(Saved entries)
(* Let $\gamma\in\mathcal S_n$ and $\sigma=(\varepsilon,\varepsilon,\gamma;(123))$. Fix a positive integer $d$, and let $r$ be the number of cycles of $\gamma$ of length $d$. Suppose there do not exist lengths $d',d''$ of cycles of $\gamma$ (not necessarily distinct cycles) with $d\notin\{d',d''\}$ and $\operatorname{lcm}(d,d')=\operatorname{lcm}(d,d'')=\operatorname{lcm}(d',d'')$. Then $\sigma\notin\mathrm{Par}(n)$ if either <ul> <li>(i) $r=1$ and $n+d\equiv1\pmod3$, or</li> <li>(ii) $3\mid d$ and $3\nmid nr$.</li> </ul>
   Context: A Latin square of order $n$ is an $n\times n$ array with rows, columns and symbols indexed by $[n]$, each symbol occurring once in each row and each column, with triple set $O(L)$. Permutations act on the right; $\varepsilon$ is the identity; fixed points count as cycles of length $1$. A paratopism $(\alpha,\beta,\gamma;(123))$ maps $L$ to $L^\sigma$ with triple set $\{(z\gamma,x\alpha,y\beta):(x,y,z)\in O(L)\}$; it is an autoparatopism of $L$ if $L^\sigma=L$. $\mathrm{Par}(n)$ is the set of paratopisms that are autoparatopisms of at least one Latin square of order $n$. *)

theory Defs
  imports "HOL-Combinatorics.Permutations"
begin

definition latin_square :: "nat \<Rightarrow> (nat \<Rightarrow> nat \<Rightarrow> nat) \<Rightarrow> bool" where
  "latin_square n L \<longleftrightarrow>
     (\<forall>x<n. \<forall>y<n. L x y < n) \<and>
     (\<forall>x<n. inj_on (\<lambda>y. L x y) {..<n}) \<and>
     (\<forall>y<n. inj_on (\<lambda>x. L x y) {..<n})"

Exercise directions ▸ The answer must be exactly the lines from the one containing "(\<forall>x<n. \<forall>y<n. L" through the final line of the data, both ends included, and nothing else.

Answer section ▸
     (\<forall>x<n. \<forall>y<n. L x y < n) \<and>
     (\<forall>x<n. inj_on (\<lambda>y. L x y) {..<n}) \<and>
     (\<forall>y<n. inj_on (\<lambda>x. L x y) {..<n})"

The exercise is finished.